DESCRIPTION OF THE TASK: For the word "cases", find each line in the entries where it occurs and copy that line.
BEGIN
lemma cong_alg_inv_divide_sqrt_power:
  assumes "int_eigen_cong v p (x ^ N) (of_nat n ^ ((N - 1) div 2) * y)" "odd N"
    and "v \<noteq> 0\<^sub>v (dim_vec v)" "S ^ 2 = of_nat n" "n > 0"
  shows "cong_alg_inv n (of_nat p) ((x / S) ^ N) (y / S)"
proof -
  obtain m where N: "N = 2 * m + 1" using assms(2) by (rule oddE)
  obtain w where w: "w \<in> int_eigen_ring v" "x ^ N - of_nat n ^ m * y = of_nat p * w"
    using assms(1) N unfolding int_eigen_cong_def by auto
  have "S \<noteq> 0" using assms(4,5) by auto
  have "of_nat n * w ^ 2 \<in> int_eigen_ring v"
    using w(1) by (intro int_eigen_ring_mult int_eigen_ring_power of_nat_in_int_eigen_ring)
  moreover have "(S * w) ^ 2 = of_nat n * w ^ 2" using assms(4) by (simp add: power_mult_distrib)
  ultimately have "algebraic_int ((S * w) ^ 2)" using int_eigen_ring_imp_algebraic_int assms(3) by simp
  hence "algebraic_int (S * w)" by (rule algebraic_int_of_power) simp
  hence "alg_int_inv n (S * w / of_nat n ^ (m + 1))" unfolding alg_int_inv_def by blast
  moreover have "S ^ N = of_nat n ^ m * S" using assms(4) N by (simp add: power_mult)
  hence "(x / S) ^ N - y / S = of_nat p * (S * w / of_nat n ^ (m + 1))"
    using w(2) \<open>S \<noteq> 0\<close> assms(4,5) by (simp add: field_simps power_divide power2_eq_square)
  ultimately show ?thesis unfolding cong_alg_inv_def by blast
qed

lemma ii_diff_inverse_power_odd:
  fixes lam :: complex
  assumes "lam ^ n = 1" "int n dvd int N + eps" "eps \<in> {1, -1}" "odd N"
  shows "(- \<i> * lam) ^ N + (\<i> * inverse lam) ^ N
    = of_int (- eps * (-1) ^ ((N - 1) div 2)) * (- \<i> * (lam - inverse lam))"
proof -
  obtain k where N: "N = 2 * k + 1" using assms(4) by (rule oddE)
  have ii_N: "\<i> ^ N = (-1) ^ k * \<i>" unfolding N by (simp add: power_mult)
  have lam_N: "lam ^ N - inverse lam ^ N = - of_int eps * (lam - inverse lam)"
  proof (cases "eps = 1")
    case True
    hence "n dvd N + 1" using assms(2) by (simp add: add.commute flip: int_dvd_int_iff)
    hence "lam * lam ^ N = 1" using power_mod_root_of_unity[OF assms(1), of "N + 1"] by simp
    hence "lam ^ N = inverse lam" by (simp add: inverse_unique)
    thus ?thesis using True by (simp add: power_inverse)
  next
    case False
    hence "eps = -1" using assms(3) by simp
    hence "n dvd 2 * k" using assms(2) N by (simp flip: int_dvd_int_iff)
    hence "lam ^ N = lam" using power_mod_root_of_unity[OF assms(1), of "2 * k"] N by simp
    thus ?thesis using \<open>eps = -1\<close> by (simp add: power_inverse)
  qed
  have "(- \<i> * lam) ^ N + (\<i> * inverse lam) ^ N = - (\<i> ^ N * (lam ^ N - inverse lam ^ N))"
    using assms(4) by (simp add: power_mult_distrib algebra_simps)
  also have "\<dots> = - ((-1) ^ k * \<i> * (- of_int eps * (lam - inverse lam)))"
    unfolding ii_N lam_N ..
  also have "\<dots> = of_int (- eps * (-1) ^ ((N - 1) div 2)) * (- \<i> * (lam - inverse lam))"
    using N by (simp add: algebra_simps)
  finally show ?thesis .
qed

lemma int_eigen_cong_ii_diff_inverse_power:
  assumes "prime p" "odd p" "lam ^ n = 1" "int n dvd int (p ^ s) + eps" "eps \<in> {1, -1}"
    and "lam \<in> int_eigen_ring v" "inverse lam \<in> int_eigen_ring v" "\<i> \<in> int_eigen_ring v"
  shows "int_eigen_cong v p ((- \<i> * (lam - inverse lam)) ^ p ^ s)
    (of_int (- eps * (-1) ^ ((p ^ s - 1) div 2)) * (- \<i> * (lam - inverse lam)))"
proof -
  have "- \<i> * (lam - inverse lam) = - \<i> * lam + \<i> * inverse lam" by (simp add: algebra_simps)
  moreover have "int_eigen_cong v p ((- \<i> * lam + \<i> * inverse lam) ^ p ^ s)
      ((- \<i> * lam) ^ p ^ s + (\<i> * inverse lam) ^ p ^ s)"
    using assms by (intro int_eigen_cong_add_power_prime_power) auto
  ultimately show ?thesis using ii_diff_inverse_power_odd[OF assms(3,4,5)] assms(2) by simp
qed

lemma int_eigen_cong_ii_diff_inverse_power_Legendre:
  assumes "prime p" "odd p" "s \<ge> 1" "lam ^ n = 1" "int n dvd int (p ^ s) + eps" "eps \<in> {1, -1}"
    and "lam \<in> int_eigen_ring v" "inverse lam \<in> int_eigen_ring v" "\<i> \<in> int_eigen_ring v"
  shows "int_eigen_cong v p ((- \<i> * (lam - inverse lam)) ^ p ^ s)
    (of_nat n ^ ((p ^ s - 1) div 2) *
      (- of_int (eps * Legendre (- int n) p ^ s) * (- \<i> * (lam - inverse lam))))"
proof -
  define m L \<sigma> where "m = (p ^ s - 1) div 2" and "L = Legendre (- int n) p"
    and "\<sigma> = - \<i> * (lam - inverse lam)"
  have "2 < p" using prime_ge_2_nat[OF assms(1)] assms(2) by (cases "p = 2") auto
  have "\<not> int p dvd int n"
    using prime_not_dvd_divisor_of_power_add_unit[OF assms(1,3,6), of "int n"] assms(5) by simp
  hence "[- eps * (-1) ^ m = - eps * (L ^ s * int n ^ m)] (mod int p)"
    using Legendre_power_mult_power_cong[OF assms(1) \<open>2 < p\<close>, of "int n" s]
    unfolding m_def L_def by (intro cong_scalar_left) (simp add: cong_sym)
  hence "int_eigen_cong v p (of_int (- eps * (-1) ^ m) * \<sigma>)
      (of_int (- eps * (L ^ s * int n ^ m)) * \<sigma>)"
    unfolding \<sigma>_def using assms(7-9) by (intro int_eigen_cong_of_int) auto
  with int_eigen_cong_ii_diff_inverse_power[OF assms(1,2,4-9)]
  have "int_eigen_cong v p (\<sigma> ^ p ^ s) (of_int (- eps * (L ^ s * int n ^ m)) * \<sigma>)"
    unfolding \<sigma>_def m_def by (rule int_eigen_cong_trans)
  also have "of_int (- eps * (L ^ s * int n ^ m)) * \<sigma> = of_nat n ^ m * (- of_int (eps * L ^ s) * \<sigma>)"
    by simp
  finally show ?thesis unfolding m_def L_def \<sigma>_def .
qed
END
YOUR RESPONSE:
  proof (cases "eps = 1")
  have "2 < p" using prime_ge_2_nat[OF assms(1)] assms(2) by (cases "p = 2") auto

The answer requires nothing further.